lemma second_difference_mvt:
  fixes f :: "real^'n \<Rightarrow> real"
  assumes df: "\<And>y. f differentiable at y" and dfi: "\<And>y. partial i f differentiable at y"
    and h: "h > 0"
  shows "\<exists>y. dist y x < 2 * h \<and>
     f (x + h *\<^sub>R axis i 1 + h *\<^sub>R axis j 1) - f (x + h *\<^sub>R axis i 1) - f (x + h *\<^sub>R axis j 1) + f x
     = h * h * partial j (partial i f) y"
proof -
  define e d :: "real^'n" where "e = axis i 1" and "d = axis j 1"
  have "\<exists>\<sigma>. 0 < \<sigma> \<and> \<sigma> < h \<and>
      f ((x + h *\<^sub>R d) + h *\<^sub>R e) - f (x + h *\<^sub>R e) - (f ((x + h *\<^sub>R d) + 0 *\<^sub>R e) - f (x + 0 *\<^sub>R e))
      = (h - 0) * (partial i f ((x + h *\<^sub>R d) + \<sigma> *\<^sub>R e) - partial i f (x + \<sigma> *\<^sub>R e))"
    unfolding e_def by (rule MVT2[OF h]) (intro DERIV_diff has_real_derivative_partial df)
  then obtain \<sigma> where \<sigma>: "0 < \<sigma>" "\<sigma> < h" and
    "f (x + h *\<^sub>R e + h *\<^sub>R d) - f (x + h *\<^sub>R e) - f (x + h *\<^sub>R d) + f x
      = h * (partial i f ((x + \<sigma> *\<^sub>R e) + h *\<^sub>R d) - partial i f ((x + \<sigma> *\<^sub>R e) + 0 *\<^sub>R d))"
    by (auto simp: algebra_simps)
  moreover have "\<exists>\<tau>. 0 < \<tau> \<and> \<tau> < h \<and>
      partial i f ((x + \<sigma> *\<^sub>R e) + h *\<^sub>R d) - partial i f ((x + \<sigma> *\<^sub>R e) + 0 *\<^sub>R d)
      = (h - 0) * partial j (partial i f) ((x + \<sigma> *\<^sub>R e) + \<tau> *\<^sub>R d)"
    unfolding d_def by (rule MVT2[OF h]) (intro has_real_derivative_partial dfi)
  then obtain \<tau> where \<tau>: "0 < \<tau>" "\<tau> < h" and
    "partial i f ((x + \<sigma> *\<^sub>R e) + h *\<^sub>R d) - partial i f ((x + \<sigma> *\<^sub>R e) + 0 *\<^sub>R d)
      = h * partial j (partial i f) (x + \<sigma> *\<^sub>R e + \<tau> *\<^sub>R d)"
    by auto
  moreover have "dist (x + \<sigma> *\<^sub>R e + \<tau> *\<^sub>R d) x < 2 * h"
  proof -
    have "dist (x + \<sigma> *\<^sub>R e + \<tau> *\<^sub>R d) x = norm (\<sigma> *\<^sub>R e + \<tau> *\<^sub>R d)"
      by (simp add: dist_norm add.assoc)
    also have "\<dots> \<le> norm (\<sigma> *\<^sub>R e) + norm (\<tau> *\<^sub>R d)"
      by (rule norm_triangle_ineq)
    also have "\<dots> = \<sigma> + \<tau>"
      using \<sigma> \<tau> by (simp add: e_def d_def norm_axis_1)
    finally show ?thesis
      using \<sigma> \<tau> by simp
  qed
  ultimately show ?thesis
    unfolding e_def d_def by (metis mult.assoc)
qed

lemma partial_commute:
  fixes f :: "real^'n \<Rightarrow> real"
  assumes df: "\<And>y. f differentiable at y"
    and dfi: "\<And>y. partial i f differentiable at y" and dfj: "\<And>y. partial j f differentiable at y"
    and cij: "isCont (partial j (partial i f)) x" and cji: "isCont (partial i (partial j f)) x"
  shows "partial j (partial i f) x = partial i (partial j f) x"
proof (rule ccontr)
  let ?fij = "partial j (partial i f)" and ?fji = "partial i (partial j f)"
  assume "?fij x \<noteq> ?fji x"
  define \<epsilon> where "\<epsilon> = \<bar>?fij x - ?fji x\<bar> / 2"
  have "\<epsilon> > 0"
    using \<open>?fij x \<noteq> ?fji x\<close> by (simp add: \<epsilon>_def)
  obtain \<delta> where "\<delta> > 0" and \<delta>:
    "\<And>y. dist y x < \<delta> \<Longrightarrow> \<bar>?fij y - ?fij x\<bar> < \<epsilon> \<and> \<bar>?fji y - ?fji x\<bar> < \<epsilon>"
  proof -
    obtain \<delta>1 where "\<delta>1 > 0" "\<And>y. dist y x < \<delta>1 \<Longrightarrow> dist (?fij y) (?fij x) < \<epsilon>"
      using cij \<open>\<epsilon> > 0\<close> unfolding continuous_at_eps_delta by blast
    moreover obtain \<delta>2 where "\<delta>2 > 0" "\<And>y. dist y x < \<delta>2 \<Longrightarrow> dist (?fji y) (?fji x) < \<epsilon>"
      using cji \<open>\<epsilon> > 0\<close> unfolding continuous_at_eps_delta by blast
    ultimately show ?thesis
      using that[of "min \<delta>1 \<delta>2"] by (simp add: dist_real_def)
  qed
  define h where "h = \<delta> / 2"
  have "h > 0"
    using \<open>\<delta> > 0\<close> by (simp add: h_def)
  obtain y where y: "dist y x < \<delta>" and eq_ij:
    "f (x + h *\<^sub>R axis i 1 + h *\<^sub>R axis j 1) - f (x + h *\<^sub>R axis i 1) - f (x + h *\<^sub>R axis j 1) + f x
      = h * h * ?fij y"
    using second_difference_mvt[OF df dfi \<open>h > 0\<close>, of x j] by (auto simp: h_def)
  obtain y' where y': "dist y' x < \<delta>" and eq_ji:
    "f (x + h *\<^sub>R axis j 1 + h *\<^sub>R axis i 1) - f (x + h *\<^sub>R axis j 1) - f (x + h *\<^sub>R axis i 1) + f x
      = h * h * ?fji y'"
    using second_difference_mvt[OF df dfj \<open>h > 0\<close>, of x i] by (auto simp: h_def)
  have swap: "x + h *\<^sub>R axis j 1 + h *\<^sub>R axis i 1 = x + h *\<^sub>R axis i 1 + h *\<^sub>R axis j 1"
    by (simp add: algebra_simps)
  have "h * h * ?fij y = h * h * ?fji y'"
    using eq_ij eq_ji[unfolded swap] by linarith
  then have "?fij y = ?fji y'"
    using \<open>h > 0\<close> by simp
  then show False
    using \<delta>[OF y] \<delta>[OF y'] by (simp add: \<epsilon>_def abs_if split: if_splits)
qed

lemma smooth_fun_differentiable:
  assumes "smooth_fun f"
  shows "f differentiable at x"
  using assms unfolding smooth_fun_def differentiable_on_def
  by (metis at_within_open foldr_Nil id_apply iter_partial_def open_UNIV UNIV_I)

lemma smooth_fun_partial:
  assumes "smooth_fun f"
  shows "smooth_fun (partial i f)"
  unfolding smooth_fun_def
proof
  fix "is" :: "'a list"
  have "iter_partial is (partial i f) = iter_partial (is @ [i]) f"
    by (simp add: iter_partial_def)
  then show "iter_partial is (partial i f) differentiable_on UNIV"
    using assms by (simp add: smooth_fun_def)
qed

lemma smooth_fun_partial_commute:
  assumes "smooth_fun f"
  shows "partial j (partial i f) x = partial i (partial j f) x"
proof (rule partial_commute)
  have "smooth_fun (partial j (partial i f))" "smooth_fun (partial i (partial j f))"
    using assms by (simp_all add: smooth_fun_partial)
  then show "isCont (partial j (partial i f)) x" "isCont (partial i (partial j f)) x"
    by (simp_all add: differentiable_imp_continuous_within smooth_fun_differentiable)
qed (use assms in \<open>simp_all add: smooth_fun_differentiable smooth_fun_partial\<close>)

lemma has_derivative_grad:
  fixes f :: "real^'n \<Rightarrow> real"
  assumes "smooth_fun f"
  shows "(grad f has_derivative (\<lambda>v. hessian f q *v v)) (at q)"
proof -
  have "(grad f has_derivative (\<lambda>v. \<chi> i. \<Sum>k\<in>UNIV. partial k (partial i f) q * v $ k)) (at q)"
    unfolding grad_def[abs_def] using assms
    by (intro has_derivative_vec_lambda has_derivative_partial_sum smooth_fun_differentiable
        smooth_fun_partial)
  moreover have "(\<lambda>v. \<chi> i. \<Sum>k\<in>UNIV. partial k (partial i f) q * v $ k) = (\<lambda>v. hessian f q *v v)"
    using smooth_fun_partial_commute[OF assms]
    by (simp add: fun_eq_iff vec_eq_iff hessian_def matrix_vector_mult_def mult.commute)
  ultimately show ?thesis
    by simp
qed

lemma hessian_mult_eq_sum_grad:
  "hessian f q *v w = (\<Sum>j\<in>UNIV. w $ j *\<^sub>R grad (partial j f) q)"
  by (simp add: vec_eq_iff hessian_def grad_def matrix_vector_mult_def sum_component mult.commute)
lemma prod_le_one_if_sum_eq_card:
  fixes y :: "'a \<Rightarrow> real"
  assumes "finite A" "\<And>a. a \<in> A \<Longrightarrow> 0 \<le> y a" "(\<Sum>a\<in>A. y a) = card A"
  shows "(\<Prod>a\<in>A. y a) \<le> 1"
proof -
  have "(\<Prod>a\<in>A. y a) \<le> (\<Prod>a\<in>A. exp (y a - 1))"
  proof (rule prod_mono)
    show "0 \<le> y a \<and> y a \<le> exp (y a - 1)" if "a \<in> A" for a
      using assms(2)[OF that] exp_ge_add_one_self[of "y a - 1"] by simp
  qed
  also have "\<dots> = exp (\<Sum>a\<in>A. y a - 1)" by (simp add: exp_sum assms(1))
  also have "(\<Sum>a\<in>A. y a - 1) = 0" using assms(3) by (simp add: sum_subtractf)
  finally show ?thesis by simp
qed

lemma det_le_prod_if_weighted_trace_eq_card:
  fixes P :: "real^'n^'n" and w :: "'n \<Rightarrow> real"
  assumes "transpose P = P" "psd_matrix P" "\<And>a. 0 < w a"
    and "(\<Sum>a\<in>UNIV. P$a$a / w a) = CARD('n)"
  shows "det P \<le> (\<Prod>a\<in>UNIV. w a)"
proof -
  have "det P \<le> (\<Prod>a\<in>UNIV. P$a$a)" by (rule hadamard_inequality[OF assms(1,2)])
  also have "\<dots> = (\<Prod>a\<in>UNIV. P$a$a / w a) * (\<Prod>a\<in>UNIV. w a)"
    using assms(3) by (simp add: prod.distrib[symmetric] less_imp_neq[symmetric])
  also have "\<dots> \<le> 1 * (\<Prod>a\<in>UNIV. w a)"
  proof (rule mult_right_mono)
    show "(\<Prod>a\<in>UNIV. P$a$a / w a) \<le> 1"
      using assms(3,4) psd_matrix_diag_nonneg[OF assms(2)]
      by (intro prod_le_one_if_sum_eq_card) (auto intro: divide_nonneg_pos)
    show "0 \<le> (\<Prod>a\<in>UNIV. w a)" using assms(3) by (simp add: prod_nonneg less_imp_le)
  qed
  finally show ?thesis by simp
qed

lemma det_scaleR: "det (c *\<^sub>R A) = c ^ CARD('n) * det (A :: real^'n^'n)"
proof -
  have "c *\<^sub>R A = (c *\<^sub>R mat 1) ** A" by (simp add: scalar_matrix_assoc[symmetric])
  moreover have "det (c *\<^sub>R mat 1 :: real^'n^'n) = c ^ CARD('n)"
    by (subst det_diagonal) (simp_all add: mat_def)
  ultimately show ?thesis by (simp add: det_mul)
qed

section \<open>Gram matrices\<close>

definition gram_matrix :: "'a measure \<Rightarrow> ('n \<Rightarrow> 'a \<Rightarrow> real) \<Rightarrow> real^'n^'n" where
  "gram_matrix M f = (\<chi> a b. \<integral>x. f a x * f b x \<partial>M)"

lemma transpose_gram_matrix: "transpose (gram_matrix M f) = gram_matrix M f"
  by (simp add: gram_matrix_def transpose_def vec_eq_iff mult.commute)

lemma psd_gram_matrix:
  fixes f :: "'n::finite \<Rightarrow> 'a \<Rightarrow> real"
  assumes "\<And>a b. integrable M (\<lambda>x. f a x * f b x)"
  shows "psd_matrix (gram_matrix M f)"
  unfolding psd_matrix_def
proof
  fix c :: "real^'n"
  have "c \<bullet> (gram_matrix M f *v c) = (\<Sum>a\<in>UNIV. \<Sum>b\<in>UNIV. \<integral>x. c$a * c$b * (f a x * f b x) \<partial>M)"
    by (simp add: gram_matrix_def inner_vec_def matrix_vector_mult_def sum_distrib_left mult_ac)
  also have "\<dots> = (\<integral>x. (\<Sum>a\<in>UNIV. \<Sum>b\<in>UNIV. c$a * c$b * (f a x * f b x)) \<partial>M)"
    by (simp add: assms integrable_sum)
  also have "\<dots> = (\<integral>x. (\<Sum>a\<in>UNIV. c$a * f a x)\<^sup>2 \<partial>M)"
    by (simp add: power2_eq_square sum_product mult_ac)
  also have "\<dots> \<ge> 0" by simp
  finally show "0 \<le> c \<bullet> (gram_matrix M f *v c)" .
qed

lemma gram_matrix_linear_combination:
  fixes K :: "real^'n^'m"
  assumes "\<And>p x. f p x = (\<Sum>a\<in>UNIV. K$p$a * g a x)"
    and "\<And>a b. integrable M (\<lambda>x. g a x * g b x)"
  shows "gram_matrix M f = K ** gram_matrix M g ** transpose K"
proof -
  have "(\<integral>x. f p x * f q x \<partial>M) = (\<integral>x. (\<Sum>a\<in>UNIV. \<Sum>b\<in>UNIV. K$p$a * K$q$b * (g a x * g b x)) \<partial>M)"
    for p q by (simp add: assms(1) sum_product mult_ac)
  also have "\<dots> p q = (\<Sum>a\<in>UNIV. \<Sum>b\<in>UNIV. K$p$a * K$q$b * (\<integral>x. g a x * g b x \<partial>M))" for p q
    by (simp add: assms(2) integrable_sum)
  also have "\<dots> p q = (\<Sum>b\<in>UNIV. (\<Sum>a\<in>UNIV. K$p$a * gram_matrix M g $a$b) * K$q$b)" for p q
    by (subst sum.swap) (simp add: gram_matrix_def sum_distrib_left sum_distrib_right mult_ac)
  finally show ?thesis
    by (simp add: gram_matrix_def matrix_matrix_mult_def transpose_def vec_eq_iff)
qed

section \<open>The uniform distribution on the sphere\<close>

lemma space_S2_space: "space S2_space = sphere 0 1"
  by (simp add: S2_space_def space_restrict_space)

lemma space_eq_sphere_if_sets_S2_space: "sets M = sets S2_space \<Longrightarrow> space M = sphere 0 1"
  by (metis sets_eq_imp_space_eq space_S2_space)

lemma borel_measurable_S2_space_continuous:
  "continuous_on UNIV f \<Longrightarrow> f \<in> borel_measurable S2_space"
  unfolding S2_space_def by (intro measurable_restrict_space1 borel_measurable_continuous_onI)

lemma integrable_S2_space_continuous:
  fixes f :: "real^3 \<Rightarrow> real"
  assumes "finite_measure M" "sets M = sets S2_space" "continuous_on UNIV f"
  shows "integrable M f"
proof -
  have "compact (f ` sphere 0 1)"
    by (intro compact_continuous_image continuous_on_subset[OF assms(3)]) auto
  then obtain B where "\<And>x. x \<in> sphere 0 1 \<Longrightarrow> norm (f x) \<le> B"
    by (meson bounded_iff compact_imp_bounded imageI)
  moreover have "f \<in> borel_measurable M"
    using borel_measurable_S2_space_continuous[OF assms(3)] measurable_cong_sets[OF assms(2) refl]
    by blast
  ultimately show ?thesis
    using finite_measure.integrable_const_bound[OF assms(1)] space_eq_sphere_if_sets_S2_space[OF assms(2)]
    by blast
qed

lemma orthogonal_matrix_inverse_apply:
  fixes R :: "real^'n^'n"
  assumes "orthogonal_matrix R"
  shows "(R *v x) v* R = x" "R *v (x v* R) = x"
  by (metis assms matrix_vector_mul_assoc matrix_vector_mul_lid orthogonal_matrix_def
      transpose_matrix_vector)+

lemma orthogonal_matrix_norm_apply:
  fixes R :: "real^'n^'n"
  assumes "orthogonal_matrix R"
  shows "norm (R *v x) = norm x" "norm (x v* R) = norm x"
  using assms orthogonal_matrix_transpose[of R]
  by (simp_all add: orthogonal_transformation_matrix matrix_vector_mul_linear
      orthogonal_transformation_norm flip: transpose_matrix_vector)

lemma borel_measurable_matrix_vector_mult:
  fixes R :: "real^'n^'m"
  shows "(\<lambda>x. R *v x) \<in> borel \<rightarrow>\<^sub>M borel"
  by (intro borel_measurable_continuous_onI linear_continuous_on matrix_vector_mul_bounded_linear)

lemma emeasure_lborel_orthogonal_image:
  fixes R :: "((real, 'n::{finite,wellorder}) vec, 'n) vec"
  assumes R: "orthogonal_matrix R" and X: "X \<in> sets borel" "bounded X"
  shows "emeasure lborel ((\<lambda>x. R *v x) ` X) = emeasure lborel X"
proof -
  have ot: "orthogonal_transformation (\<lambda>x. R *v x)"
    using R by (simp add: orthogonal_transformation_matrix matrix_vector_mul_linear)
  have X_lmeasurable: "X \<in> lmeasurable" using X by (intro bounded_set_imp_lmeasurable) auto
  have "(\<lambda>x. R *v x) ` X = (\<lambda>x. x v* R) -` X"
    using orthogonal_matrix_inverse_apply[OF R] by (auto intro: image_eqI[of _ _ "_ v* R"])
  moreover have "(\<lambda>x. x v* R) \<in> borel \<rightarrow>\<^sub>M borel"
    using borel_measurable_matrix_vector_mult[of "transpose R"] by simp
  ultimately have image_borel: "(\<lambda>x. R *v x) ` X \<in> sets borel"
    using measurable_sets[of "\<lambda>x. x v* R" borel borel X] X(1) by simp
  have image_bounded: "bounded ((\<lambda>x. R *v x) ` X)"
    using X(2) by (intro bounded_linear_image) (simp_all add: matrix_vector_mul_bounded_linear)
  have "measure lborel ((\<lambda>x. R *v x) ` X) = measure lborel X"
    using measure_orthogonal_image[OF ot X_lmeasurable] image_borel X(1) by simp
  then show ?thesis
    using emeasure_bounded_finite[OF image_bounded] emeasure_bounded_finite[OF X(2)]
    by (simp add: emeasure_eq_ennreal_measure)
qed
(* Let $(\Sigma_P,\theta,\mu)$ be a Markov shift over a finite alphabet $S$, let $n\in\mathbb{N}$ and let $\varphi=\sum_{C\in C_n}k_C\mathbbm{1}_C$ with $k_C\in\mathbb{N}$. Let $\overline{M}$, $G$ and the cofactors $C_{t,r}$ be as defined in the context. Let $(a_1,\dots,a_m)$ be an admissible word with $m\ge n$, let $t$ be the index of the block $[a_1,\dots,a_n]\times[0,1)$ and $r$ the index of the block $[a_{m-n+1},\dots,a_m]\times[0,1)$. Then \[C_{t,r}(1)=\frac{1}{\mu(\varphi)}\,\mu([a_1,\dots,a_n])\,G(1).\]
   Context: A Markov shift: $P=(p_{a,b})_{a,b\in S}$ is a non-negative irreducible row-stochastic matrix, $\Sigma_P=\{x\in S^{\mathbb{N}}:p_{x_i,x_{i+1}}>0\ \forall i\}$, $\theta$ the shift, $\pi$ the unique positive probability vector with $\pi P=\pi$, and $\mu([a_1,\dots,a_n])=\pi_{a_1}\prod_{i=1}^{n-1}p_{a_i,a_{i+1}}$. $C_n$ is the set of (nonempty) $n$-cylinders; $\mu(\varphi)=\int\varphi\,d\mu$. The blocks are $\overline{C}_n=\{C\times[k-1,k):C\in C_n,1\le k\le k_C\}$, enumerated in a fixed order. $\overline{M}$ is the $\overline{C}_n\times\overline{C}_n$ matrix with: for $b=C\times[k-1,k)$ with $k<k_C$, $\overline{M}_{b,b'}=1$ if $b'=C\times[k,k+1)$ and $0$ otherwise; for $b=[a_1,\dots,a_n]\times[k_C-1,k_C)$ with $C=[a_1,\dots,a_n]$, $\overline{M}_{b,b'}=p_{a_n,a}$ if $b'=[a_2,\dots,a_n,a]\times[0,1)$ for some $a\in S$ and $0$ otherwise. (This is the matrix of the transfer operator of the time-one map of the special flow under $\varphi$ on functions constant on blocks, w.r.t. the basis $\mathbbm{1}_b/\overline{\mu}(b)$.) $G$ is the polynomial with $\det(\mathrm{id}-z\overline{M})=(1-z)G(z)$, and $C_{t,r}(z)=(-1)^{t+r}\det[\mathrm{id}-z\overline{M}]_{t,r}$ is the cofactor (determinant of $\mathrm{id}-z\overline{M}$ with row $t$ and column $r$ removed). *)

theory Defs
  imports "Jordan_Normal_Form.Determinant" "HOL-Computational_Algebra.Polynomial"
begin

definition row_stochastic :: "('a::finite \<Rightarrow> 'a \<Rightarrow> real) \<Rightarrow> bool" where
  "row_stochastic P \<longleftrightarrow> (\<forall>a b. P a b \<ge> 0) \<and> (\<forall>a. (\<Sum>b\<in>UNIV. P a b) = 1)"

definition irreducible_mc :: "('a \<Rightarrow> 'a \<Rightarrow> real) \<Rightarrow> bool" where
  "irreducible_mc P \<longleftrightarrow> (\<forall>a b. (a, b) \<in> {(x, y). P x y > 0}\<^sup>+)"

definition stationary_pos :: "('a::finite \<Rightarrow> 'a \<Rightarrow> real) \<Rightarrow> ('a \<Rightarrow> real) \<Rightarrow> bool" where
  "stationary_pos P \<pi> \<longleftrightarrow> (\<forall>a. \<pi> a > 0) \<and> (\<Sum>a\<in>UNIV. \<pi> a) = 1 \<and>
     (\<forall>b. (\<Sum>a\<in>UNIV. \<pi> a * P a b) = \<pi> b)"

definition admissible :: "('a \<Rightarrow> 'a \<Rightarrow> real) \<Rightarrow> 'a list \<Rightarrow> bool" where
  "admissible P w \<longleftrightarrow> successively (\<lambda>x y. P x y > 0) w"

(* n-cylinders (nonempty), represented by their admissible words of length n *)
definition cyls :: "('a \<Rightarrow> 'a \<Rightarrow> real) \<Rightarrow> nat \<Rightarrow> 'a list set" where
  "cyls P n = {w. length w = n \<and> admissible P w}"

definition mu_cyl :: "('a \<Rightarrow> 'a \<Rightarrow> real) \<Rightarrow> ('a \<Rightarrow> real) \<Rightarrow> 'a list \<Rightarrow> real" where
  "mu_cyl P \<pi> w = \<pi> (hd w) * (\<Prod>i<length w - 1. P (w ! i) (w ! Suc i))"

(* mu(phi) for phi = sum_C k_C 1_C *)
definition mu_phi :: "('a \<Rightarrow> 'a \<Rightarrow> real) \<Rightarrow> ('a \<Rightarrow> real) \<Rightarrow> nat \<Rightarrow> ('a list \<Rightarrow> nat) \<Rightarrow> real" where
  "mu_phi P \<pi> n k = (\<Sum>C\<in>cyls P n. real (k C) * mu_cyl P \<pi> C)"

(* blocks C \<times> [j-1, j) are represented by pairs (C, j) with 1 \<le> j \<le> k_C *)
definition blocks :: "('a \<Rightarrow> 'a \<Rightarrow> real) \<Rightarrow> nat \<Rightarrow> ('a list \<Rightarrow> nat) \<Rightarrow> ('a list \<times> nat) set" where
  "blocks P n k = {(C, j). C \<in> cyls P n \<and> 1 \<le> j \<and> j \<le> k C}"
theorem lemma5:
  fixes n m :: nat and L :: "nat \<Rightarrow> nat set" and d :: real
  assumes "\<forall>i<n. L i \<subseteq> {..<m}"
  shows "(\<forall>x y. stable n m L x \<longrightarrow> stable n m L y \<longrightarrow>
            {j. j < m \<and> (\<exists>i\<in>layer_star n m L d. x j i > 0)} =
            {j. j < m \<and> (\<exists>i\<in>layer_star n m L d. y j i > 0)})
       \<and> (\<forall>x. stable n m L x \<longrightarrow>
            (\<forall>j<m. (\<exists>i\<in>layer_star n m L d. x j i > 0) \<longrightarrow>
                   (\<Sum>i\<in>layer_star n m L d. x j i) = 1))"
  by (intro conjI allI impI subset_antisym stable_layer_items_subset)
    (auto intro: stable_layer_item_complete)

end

===============

_WORK TO BE COMPLETED_. Take the lines above from the one containing "(simp add: scalar_matrix_assoc[symmetric])" down to the one containing "f) = gram_matrix", and transcribe them exactly, both ends included.

_OUTPUT OF THE TASK_.
  have "c *\<^sub>R A = (c *\<^sub>R mat 1) ** A" by (simp add: scalar_matrix_assoc[symmetric])
  moreover have "det (c *\<^sub>R mat 1 :: real^'n^'n) = c ^ CARD('n)"
    by (subst det_diagonal) (simp_all add: mat_def)
  ultimately show ?thesis by (simp add: det_mul)
qed

section \<open>Gram matrices\<close>

definition gram_matrix :: "'a measure \<Rightarrow> ('n \<Rightarrow> 'a \<Rightarrow> real) \<Rightarrow> real^'n^'n" where
  "gram_matrix M f = (\<chi> a b. \<integral>x. f a x * f b x \<partial>M)"

lemma transpose_gram_matrix: "transpose (gram_matrix M f) = gram_matrix M f"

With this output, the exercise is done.